Usually I have dreams about people I care about turning around and leaving me. This makes me upset usually. The dream will more often of not include self harm or suicide in it too. Plus, sometimes I'll be in hospital which brings back memories that trigger me.
They suck but due to their topic, I'm too embarrassed to speak up about them so I can't do much about them.
 
Csmith8827

Csmith8827

Don't you listen to your heart? (Listen to it...)
Oct 26, 2019
859
Sometimes as of late i have. It's usually a reflection of whatever i'm dealing with or is causing strife and shit in my life. Like staring at a lake and seeing your reflection. Makes sense i guess. Pretty profound but knowledge is power so i guess they don't get me down too bad.
 
BPD Barbie

BPD Barbie

Visionary
Dec 1, 2019
2,361
I get night terrors when I'm extremely stressed where I'm half awake and half asleep and I think I see spiders on my pillow or crawling all over me. I'm petrified of spiders, I usually wake up fully trying to get out the room.
Other than that I have normal nightmares, people stabbing me, skinning me, rape. Fun stuff.
 
Flume

Flume

Villain
Oct 28, 2019
300
They always involve the only person I care about--my abusive ex who I still love, we broke up 2.5 months ago and have had no contact with for the past month.
Sometimes it's him telling me to die, sometimes it's real crazy stuff like dreaming he left behind one of his LEGS so I would have something of his to not feel alone.
Other times it's just reliving traumatic things that happened during the relationship/breakup.

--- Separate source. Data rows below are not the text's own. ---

lemma holomorphic_cauchy_transform_semicircle_convex:
  assumes U: "convex U" "U \<subseteq> sc_domain"
  shows "cauchy_transform semicircle holomorphic_on U"
proof -
  define f where "f t = complex_of_real (sqrt (4 - t\<^sup>2) / (2 * pi))" for t
  have nz: "z - of_real t \<noteq> 0" if "z \<in> U" "t \<in> cbox (-2) 2" for z t
  proof -
    have "z \<in> sc_domain" using that(1) U(2) by blast
    then obtain c where "0 < c" "\<And>t. \<bar>t\<bar> \<le> 2 \<Longrightarrow> c \<le> norm (z - of_real t)"
      using sc_domain_dist by blast
    moreover have "\<bar>t\<bar> \<le> 2" using that(2) by auto
    ultimately have "0 < norm (z - of_real t)" by (meson less_le_trans)
    then show ?thesis by simp
  qed
  have "(\<lambda>z. integral (cbox (-2) 2) (\<lambda>t. f t / (z - of_real t))) holomorphic_on U"
  proof (rule leibniz_rule_holomorphic[where fx = "\<lambda>z t. - f t / (z - of_real t)\<^sup>2"])
    fix z t assume "z \<in> U" "t \<in> cbox (-2::real) 2"
    then show "((\<lambda>z. f t / (z - of_real t)) has_field_derivative - f t / (z - of_real t)\<^sup>2) (at z within U)"
      using nz by (auto intro!: derivative_eq_intros simp: power2_eq_square)
  next
    fix z assume "z \<in> U"
    then show "(\<lambda>t. f t / (z - of_real t)) integrable_on cbox (-2) 2"
      unfolding f_def using nz by (intro integrable_continuous continuous_intros) auto
  next
    show "continuous_on (U \<times> cbox (-2) 2) (\<lambda>(z, t). - f t / (z - of_real t)\<^sup>2)"
      unfolding f_def case_prod_beta using nz by (intro continuous_intros) auto
  qed (rule U)
  then show ?thesis
  proof (rule holomorphic_transform)
    fix z assume "z \<in> U"
    then have "z \<in> sc_domain" using U(2) by blast
    then show "integral (cbox (-2) 2) (\<lambda>t. f t / (z - of_real t)) = cauchy_transform semicircle z"
      unfolding f_def by (rule cauchy_transform_semicircle_interval[symmetric])
  qed
qed

lemma holomorphic_cauchy_transform_semicircle: "cauchy_transform semicircle holomorphic_on sc_domain"
  unfolding sc_domain_def
  by (intro holomorphic_on_Un holomorphic_cauchy_transform_semicircle_convex convex_halfspace_Im_gt
      convex_halfspace_Re_gt open_halfspace_Im_gt open_halfspace_Re_gt) (auto simp: sc_domain_def)

lemma cauchy_transform_semicircle_real:
  assumes "2 \<le> \<bar>w\<bar>"
  shows "cauchy_transform semicircle (of_real w) = of_real (sc_G_real w)"
proof -
  have "cauchy_transform semicircle (of_real w) = (\<integral>t. of_real (sc_density t / (w - t)) \<partial>lborel)"
    unfolding cauchy_transform_semicircle by (intro Bochner_Integration.integral_cong) auto
  also have "\<dots> = of_real (\<integral>t. sc_density t / (w - t) \<partial>lborel)"
    by (rule integral_complex_of_real)
  finally show ?thesis using sc_density_div_integral[OF assms] by simp
qed

lemma islimpt_of_real_greaterThan: "complex_of_real b islimpt of_real ` {a<..}" if "a < b"
proof (rule islimpt_approachable[THEN iffD2], intro allI impI)
  fix e :: real assume "0 < e"
  have "of_real (b + e/2) \<in> of_real ` {a<..}" using that \<open>0 < e\<close> by (intro imageI) simp
  moreover have "of_real (b + e/2) \<noteq> complex_of_real b \<and> dist (complex_of_real (b + e/2)) (of_real b) < e"
    using \<open>0 < e\<close> by (simp add: dist_norm)
  ultimately show "\<exists>x'\<in>of_real ` {a<..}. x' \<noteq> complex_of_real b \<and> dist x' (of_real b) < e"
    by blast
qed

lemma cauchy_transform_semicircle_quadratic:
  assumes "z \<in> sc_domain"
  shows "(cauchy_transform semicircle z)\<^sup>2 - z * cauchy_transform semicircle z + 1 = 0"
proof (rule analytic_continuation[where f = "\<lambda>z. (cauchy_transform semicircle z)\<^sup>2 - z * cauchy_transform semicircle z + 1"
      and S = sc_domain and U = "of_real ` {2<..}" and \<xi> = "of_real 3"])
  show "(\<lambda>z. (cauchy_transform semicircle z)\<^sup>2 - z * cauchy_transform semicircle z + 1) holomorphic_on sc_domain"
    using holomorphic_cauchy_transform_semicircle by (intro holomorphic_intros)
next
  fix u :: complex assume "u \<in> of_real ` {2<..}"
  then obtain w where w: "2 < w" "u = of_real w" by auto
  then have "cauchy_transform semicircle u = of_real (sc_G_real w)"
    using cauchy_transform_semicircle_real[of w] by simp
  moreover have "complex_of_real ((sc_G_real w)\<^sup>2 - w * sc_G_real w + 1) = 0"
    using sc_G_real_quadratic[OF w(1)] by simp
  ultimately show "(cauchy_transform semicircle u)\<^sup>2 - u * cauchy_transform semicircle u + 1 = 0"
    using w by simp
qed (use assms open_sc_domain connected_sc_domain islimpt_of_real_greaterThan[of 2 3]
     in \<open>auto simp: sc_domain_def\<close>)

This only started when it became clear I will ctb soon with 100% certainty, and have a concrete plan in place. Why? How can I stop them? Has anyone else experienced this? I feel like I'm going insane. I now stay awake as long as possible, until dawn when I fall asleep from exhaustion, because I don't want to close my eyes and see him. It happens anyway.

Yeah I have dreams about dad. Almost everyrytime it's negative stuff. His face is covered, he can't speak, he's walking away from me and I can't do anything about it. Never stopped since he died and I don't think it will either.
 
E

Epsilon0

Enlightened
Dec 28, 2019
1,874
I have had nightmares since childhood. The recurrent ones are those where I am lost trying to get home, or the ones where the devil takes me to hell. They come and go, I don't have them all the time. They mostly intensify during very stressful periods. A few of them were so vivid and scary, I felt frightened for a long time afterwards.